China reported two additional deaths from COVID-19 as some cities cautiously eased their anti-pandemic measures amid mounting public frustration.

The deaths were reported in Shandong and Sichuan provinces, according to the National Health Commission. No information was given about the age of the victims or whether they had completed their vaccinations.

China, where the virus was first detected in late 2019 in the central city of Wuhan, is the latest major country to try to stop infections entirely through quarantines, lockdowns and mass testing. Concern over the vaccination rate is believed to be a key factor in determining the country’s ruling Communist Party to stick to its rigid strategy.

Although nine out of 10 Chinese are vaccinated, only 66% of those over 80 have received one dose, while 40% have received two, according to the commission. 86% of those over 60 are vaccinated.

Given those numbers, and the fact that relatively few people in the country have developed antibodies from exposure to the virus, some fear millions could die if restrictions were lifted entirely.

However, the signs of discontent seem to have caused the authorities to lift some of the harshest measures, although they affirm that the “zero COVID” strategy, which aims to isolate all positives, is still in place.

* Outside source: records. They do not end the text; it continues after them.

lemma symmetric_Max_eigenvalue:
  fixes M :: "real^'n^'n"
  assumes sym: "transpose M = M"
  shows "eigenvalue M (Max {\<mu>. eigenvalue M \<mu>})"
    and "x \<bullet> (M *v x) \<le> Max {\<mu>. eigenvalue M \<mu>} * (x \<bullet> x)"
proof -
  obtain \<mu> where "eigenvalue M \<mu>" and le: "\<And>x. x \<bullet> (M *v x) \<le> \<mu> * (x \<bullet> x)"
    using symmetric_rayleigh_max_eigenvalue[OF sym] by blast
  moreover have "Max {\<mu>. eigenvalue M \<mu>} = \<mu>"
  proof (rule Max_eqI)
    show "finite {\<mu>. eigenvalue M \<mu>}" by (rule symmetric_eigenvalues_finite[OF sym])
    show "\<nu> \<le> \<mu>" if "\<nu> \<in> {\<mu>. eigenvalue M \<mu>}" for \<nu>
      using eigenvalue_le_rayleigh_bound[OF _ le] that by blast
  qed (use \<open>eigenvalue M \<mu>\<close> in simp)
  ultimately show "eigenvalue M (Max {\<mu>. eigenvalue M \<mu>})"
    and "x \<bullet> (M *v x) \<le> Max {\<mu>. eigenvalue M \<mu>} * (x \<bullet> x)"
    by simp_all
qed

lemma sum_quadratic_forms_le:
  fixes M :: "real^'n^'n" and x :: "'i \<Rightarrow> real^'n"
  assumes le: "\<And>y. y \<bullet> (M *v y) \<le> \<mu> * (y \<bullet> y)"
  shows "(\<Sum>i\<in>I. x i \<bullet> (M *v x i)) \<le> \<mu> * (\<Sum>i\<in>I. x i \<bullet> x i)"
  unfolding sum_distrib_left by (intro sum_mono le)

lemma sum_quadratic_forms_eq_iff:
  fixes M :: "real^'n^'n" and x :: "'i \<Rightarrow> real^'n"
  assumes sym: "transpose M = M" and le: "\<And>y. y \<bullet> (M *v y) \<le> \<mu> * (y \<bullet> y)"
    and "finite I"
  shows "(\<Sum>i\<in>I. x i \<bullet> (M *v x i)) = \<mu> * (\<Sum>i\<in>I. x i \<bullet> x i)
    \<longleftrightarrow> (\<forall>i\<in>I. M *v x i = \<mu> *\<^sub>R x i)"
proof
  assume "(\<Sum>i\<in>I. x i \<bullet> (M *v x i)) = \<mu> * (\<Sum>i\<in>I. x i \<bullet> x i)"
  then have "(\<Sum>i\<in>I. \<mu> * (x i \<bullet> x i) - x i \<bullet> (M *v x i)) = 0"
    by (simp add: sum_subtractf sum_distrib_left)
  moreover have "\<forall>i\<in>I. 0 \<le> \<mu> * (x i \<bullet> x i) - x i \<bullet> (M *v x i)"
    using le by simp
  ultimately have "\<forall>i\<in>I. \<mu> * (x i \<bullet> x i) - x i \<bullet> (M *v x i) = 0"
    using sum_nonneg_eq_0_iff[OF \<open>finite I\<close>, of "\<lambda>i. \<mu> * (x i \<bullet> x i) - x i \<bullet> (M *v x i)"]
    by simp
  then show "\<forall>i\<in>I. M *v x i = \<mu> *\<^sub>R x i"
    by (auto intro: rayleigh_eq_imp_eigenvector[OF sym le])
next
  assume "\<forall>i\<in>I. M *v x i = \<mu> *\<^sub>R x i"
  then show "(\<Sum>i\<in>I. x i \<bullet> (M *v x i)) = \<mu> * (\<Sum>i\<in>I. x i \<bullet> x i)"
    by (simp add: sum_distrib_left)
qed

lemma sum_squared_deviation:
  fixes f :: "'a \<Rightarrow> real"
  assumes "finite A"
  shows "(\<Sum>i\<in>A. (f i - sum f A / card A)\<^sup>2) = (\<Sum>i\<in>A. (f i)\<^sup>2) - (sum f A)\<^sup>2 / card A"
proof (cases "A = {}")
  case False
  define a where "a = sum f A / card A"
  have "(\<Sum>i\<in>A. (f i - a)\<^sup>2) = (\<Sum>i\<in>A. (f i)\<^sup>2 - 2 * a * f i + a\<^sup>2)"
    by (simp add: power2_eq_square algebra_simps)
  also have "\<dots> = (\<Sum>i\<in>A. (f i)\<^sup>2) - 2 * a * sum f A + card A * a\<^sup>2"
    by (simp add: sum.distrib sum_subtractf sum_distrib_left)
  also have "\<dots> = (\<Sum>i\<in>A. (f i)\<^sup>2) - (sum f A)\<^sup>2 / card A"
    using False assms by (simp add: a_def field_simps power2_eq_square)
  finally show ?thesis by (simp add: a_def)
qed simp

lemma card_eq_mult_card_image:
  assumes "finite A" and "\<And>b. b \<in> g ` A \<Longrightarrow> card {a\<in>A. g a = b} = k"
  shows "card A = k * card (g ` A)"
proof -
  have "A = (\<Union>b\<in>g ` A. {a\<in>A. g a = b})" by auto
  then have "card A = card (\<Union>b\<in>g ` A. {a\<in>A. g a = b})" by simp
  also have "\<dots> = (\<Sum>b\<in>g ` A. card {a\<in>A. g a = b})"
    by (rule card_UN_disjoint) (use \<open>finite A\<close> in auto)
  finally show ?thesis using assms(2) by simp
qed

lemma real_card_Collect: "real (card {x::'a::finite. P x}) = (\<Sum>x\<in>UNIV. if P x then 1 else 0)"
  by (simp add: sum.If_cases)

text \<open>The difference of the two sides factors as
  \<open>(2nm - 6t) (ns - 4m\<^sup>2) / ((2m - s/n) 2m (n\<^sup>2 - 2m))\<close>.\<close>
lemma triangle_bound_le_quotient:
  fixes n m t s :: real
  assumes "0 < n" "0 < m" "2 * m < n\<^sup>2" "6 * t < n * (2 * m)" "4 * m\<^sup>2 \<le> n * s" "s < n * (2 * m)"
  shows "(2 * m\<^sup>2 - 3 * n * t) / (m * (n\<^sup>2 - 2 * m)) * n \<le> (s - 6 * t) / (2 * m - s / n)"
    and "(2 * m\<^sup>2 - 3 * n * t) / (m * (n\<^sup>2 - 2 * m)) * n = (s - 6 * t) / (2 * m - s / n)
      \<longleftrightarrow> 4 * m\<^sup>2 = n * s"
proof -
  let ?R = "(2 * m\<^sup>2 - 3 * n * t) / (m * (n\<^sup>2 - 2 * m)) * n"
  define N where "N = 2 * m - s / n"
  define D where "D = 2 * m * (n\<^sup>2 - 2 * m)"
  define X where "X = (2 * n * m - 6 * t) * (n * s - 4 * m\<^sup>2) / (N * D)"
  have "N > 0" using assms(1,6) by (simp add: N_def field_simps)
  have "n\<^sup>2 - 2 * m > 0" using assms(3) by simp
  then have "D > 0" using assms(2) by (simp add: D_def)
  have R: "?R = 2 * n * (2 * m\<^sup>2 - 3 * n * t) / D"
    using \<open>n\<^sup>2 - 2 * m > 0\<close> assms(2) by (simp add: D_def field_simps)
  have "2 * n * (2 * m\<^sup>2 - 3 * n * t) * N = 2 * (2 * m\<^sup>2 - 3 * n * t) * (2 * m * n - s)"
    using assms(1) by (simp add: N_def field_simps)
  then have numerator: "(s - 6 * t) * D - 2 * n * (2 * m\<^sup>2 - 3 * n * t) * N
      = (2 * n * m - 6 * t) * (n * s - 4 * m\<^sup>2)"
    by (simp add: D_def algebra_simps power2_eq_square)
  have diff: "(s - 6 * t) / N - ?R = X"
    unfolding R X_def numerator[symmetric] using \<open>N > 0\<close> \<open>D > 0\<close> by (simp add: field_simps)
  have "0 \<le> (2 * n * m - 6 * t) * (n * s - 4 * m\<^sup>2)"
    using assms(4,5) by simp
  then have "X \<ge> 0"
    using \<open>N > 0\<close> \<open>D > 0\<close> by (simp add: X_def)
  then show "?R \<le> (s - 6 * t) / (2 * m - s / n)"
    using diff unfolding N_def by linarith
  have "X = 0 \<longleftrightarrow> n * s - 4 * m\<^sup>2 = 0"
    using assms(4) \<open>N > 0\<close> \<open>D > 0\<close> by (simp add: X_def)
  then show "?R = (s - 6 * t) / (2 * m - s / n) \<longleftrightarrow> 4 * m\<^sup>2 = n * s"
    using diff unfolding N_def by auto
qed

definition adj :: "('n::finite \<Rightarrow> 'n \<Rightarrow> bool) \<Rightarrow> 'n \<Rightarrow> 'n \<Rightarrow> real" where
  "adj E u v = (if E u v then 1 else 0)"

definition deg :: "('n::finite \<Rightarrow> 'n \<Rightarrow> bool) \<Rightarrow> 'n \<Rightarrow> real" where
  "deg E v = real (degree E v)"

definition regular_graph :: "('n::finite \<Rightarrow> 'n \<Rightarrow> bool) \<Rightarrow> bool" where
  "regular_graph E \<longleftrightarrow> (\<exists>d. \<forall>v. degree E v = d)"

definition centered_nbhd :: "('n::finite \<Rightarrow> 'n \<Rightarrow> bool) \<Rightarrow> 'n \<Rightarrow> real^'n" where
  "centered_nbhd E w = (\<chi> v. adj E w v - deg E w / real CARD('n))"

definition nbhd_quotient :: "('n::finite \<Rightarrow> 'n \<Rightarrow> bool) \<Rightarrow> real" where
  "nbhd_quotient E = (\<Sum>w\<in>UNIV. centered_nbhd E w \<bullet> (laplacian E *v centered_nbhd E w))
    / (\<Sum>w\<in>UNIV. centered_nbhd E w \<bullet> centered_nbhd E w)"

lemma adj_squared [simp]: "adj E u v * adj E u v = adj E u v"
  by (simp add: adj_def)

lemma deg_eq_sum_adj: "deg E v = (\<Sum>u\<in>UNIV. adj E v u)"
  by (simp add: deg_def degree_def adj_def sum.If_cases)

lemma laplacian_mult_vec:
  "(laplacian E *v x) $ i = deg E i * x $ i - (\<Sum>j\<in>UNIV. adj E i j * x $ j)"
  by (simp add: matrix_vector_mult_def laplacian_def deg_def adj_def left_diff_distrib
      sum_subtractf if_distrib[of "\<lambda>a. a * _"] cong: if_cong)

lemma laplacian_mult_vec_centered_nbhd:
  "(laplacian E *v centered_nbhd E w) $ i = deg E i * adj E w i - (\<Sum>j\<in>UNIV. adj E i j * adj E w j)"
  by (simp add: laplacian_mult_vec centered_nbhd_def right_diff_distrib sum_subtractf
      deg_eq_sum_adj[of E i] sum_distrib_right[symmetric] sum_divide_distrib[symmetric])

lemma norm_centered_nbhd:
  fixes E :: "'n::finite \<Rightarrow> 'n \<Rightarrow> bool"
  shows "centered_nbhd E w \<bullet> centered_nbhd E w = deg E w - (deg E w)\<^sup>2 / real CARD('n)"
proof -
  have "centered_nbhd E w \<bullet> centered_nbhd E w = (\<Sum>v\<in>UNIV. (adj E w v - deg E w / real CARD('n))\<^sup>2)"
    by (simp add: inner_vec_def centered_nbhd_def power2_eq_square)
  also have "\<dots> = deg E w - (deg E w)\<^sup>2 / real CARD('n)"
    using sum_squared_deviation[of UNIV "adj E w"]
    by (simp add: deg_eq_sum_adj power2_eq_square)
  finally show ?thesis .
qed

lemma regular_graph_iff_sum_deg_squared:
  fixes E :: "'n::finite \<Rightarrow> 'n \<Rightarrow> bool"
  shows "regular_graph E \<longleftrightarrow> (\<Sum>v\<in>UNIV. deg E v)\<^sup>2 = real CARD('n) * (\<Sum>v\<in>UNIV. (deg E v)\<^sup>2)"
proof
  assume "regular_graph E"
  then obtain d where "\<And>v. degree E v = d" by (auto simp: regular_graph_def)
  then show "(\<Sum>v\<in>UNIV. deg E v)\<^sup>2 = real CARD('n) * (\<Sum>v\<in>UNIV. (deg E v)\<^sup>2)"
    by (simp add: deg_def power2_eq_square)
next
  assume eq: "(\<Sum>v\<in>UNIV. deg E v)\<^sup>2 = real CARD('n) * (\<Sum>v\<in>UNIV. (deg E v)\<^sup>2)"
  define a where "a = (\<Sum>v\<in>UNIV. deg E v) / real CARD('n)"
  have "(\<Sum>v\<in>UNIV. (deg E v - a)\<^sup>2) = 0"
    using sum_squared_deviation[of UNIV "deg E"] eq by (simp add: a_def)
  then have "deg E v = a" for v
    using sum_nonneg_eq_0_iff[of UNIV "\<lambda>v. (deg E v - a)\<^sup>2"] by simp
  then have "degree E v = degree E u" for u v
    by (metis deg_def of_nat_eq_iff)
  then show "regular_graph E"
    unfolding regular_graph_def by blast
qed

Beijing and other Chinese cities have announced that for the first time in months, passengers will be able to board buses and subways even if they don’t have a recent negative.

The slight relaxation of diagnostic testing requirements coincides with daily infection numbers near record highs, and after protests across the country by people frustrated by the rigid application of the rules against the virus, which enter their fourth year, while the rest of the world has reopened.